The company has been hit by weak U.S. fuel sales, which declined 3% year-over-year, as well as softer margins on refined product sales. The decline was primarily due to lower demand for jet fuel in the U.S., partly offset by higher demand for gasoline. Outside the U.S. was better, with refined product sales increasing 8% from the year-ago period primarily due to increased trading volumes.
Having made a profit of $1.15 billion in the same quarter a year ago, the downstream business this year lost $248 million in Fiscal Q4.

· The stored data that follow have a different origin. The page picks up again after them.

(* Let $R$ be a commutative domain, $I,J\subseteq R$ two non-zero ideals such that $IJ$ can be generated by $3$ elements, and $\mathfrak m\subseteq R$ a maximal ideal. Then at least one of the following occurs: (1) there exists a non-zero $x\in I_{\mathfrak m}$ such that $(IJ)_{\mathfrak m}/xJ_{\mathfrak m}$ is a cyclic $R_{\mathfrak m}$-module generated by the class of an element of the form $ij$ with $i\in I_{\mathfrak m}$, $j\in J_{\mathfrak m}$; (2) there exists a non-zero $y\in J_{\mathfrak m}$ such that $(IJ)_{\mathfrak m}/yI_{\mathfrak m}$ is a cyclic $R_{\mathfrak m}$-module generated by the class of an element of the form $ij$ with $i\in I_{\mathfrak m}$, $j\in J_{\mathfrak m}$. In particular, if (1) holds (with generator the class of $ij$) then the $R_{\mathfrak m}$-module morphism $I_{\mathfrak m}/xR_{\mathfrak m}\to (IJ)_{\mathfrak m}/xJ_{\mathfrak m}$ induced by multiplication by $j$ is surjective; and if (2) holds (with generator the class of $ij$) then the $R_{\mathfrak m}$-module morphism $J_{\mathfrak m}/yR_{\mathfrak m}\to (IJ)_{\mathfrak m}/yI_{\mathfrak m}$ induced by multiplication by $i$ is surjective.
   Context: $R_{\mathfrak m}$, $I_{\mathfrak m}$, $J_{\mathfrak m}$, $(IJ)_{\mathfrak m}$ denote localizations at $\mathfrak m$. *)

theory Defs
  imports "HOL-Computational_Algebra.Fraction_Field"
begin

definition is_ideal :: "'a::comm_ring_1 set \<Rightarrow> bool" where
  "is_ideal I \<longleftrightarrow> 0 \<in> I \<and> (\<forall>a\<in>I. \<forall>b\<in>I. a + b \<in> I) \<and> (\<forall>r. \<forall>a\<in>I. r * a \<in> I)"

definition maximal_ideal :: "'a::comm_ring_1 set \<Rightarrow> bool" where
  "maximal_ideal m \<longleftrightarrow> is_ideal m \<and> m \<noteq> UNIV \<and>
     (\<forall>K. is_ideal K \<and> m \<subseteq> K \<longrightarrow> K = m \<or> K = UNIV)"

definition ideal_prod :: "'a::comm_ring_1 set \<Rightarrow> 'a set \<Rightarrow> 'a set" where
  "ideal_prod I J = {(\<Sum>k<n. f k * g k) | (n::nat) (f::nat \<Rightarrow> 'a) g. \<forall>k<n. f k \<in> I \<and> g k \<in> J}"

definition generated_by_3 :: "'a::comm_ring_1 set \<Rightarrow> bool" where
  "generated_by_3 K \<longleftrightarrow> (\<exists>a b c. K = {r * a + s * b + t * c | (r::'a) s t. True})"

text \<open>Localization at a prime/maximal ideal m of a domain, realised inside the
  fraction field: S_m = { a/s | a \<in> S, s \<notin> m }.  R_m is localize m UNIV.\<close>
definition localize :: "'a::idom set \<Rightarrow> 'a set \<Rightarrow> 'a fract set" where
  "localize m S = {Fract a s | a s. a \<in> S \<and> s \<notin> m}"

end

theory Submission
  imports Defs "HOL.Hull" "HOL-Library.Set_Algebras"
begin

While downstream was weak, oil production was steady at 3.35 million barrels of oil equivalent per day as the upstream business posted earnings of $4.3 billion.
“In 2024, we delivered record production, returned record cash to shareholders and started up key growth projects,” said CEO Mike Wirth.
CVX Results Don’t Answer Everything
While the company hailed a record year, investors in CVX are seeking further clarity on a number of key topics. First is the acquisition of Hess (HES), which is going through a lengthy approval process and is still pending. A challenge by Exxon (XOM) and China’s CNOOC, which are Hess’s partners in Guyana, has delayed the planned megamerger, with a decision on the case expected by September.
The deal recently cleared a Federal Trade Commission antitrust review, with the final consent order barring Hess CEO John Hess from the CVX board over allegations he spoke with OPEC as it sought to reduce output.
Secondly, President Trump could hit its production in Venezuela, with the White House indicating the U.S. could halt crude imports from the country. It comes as the president said he wants to press ahead with 25% tariffs on Mexico and Canada on Saturday but indicated that there could be an exemption for oil exports from the two countries. In an interview with the Financial Times, Wirth said the company would lobby the White House to retain its Venezuela licence.
Third, there is some uncertainty about its plans to operate power plants.
Earlier this week CVX said it is teaming up with energy equipment maker GE Vernova (GEV) to build natural gas-fired power plants next to data centers, hoping to tap into surging AI energy needs. DeepSeek aside, this opens up a new revenue stream but will come with a degree of uncertainty.
Is CVX a Buy?
Overall, Wall Street has a Strong Buy consensus rating on CVX stock, based on 16 Buys and three Holds. The average CVX price target of $175.56 implies 12% upside from current levels, with the stock having risen 10% in the last 12 months.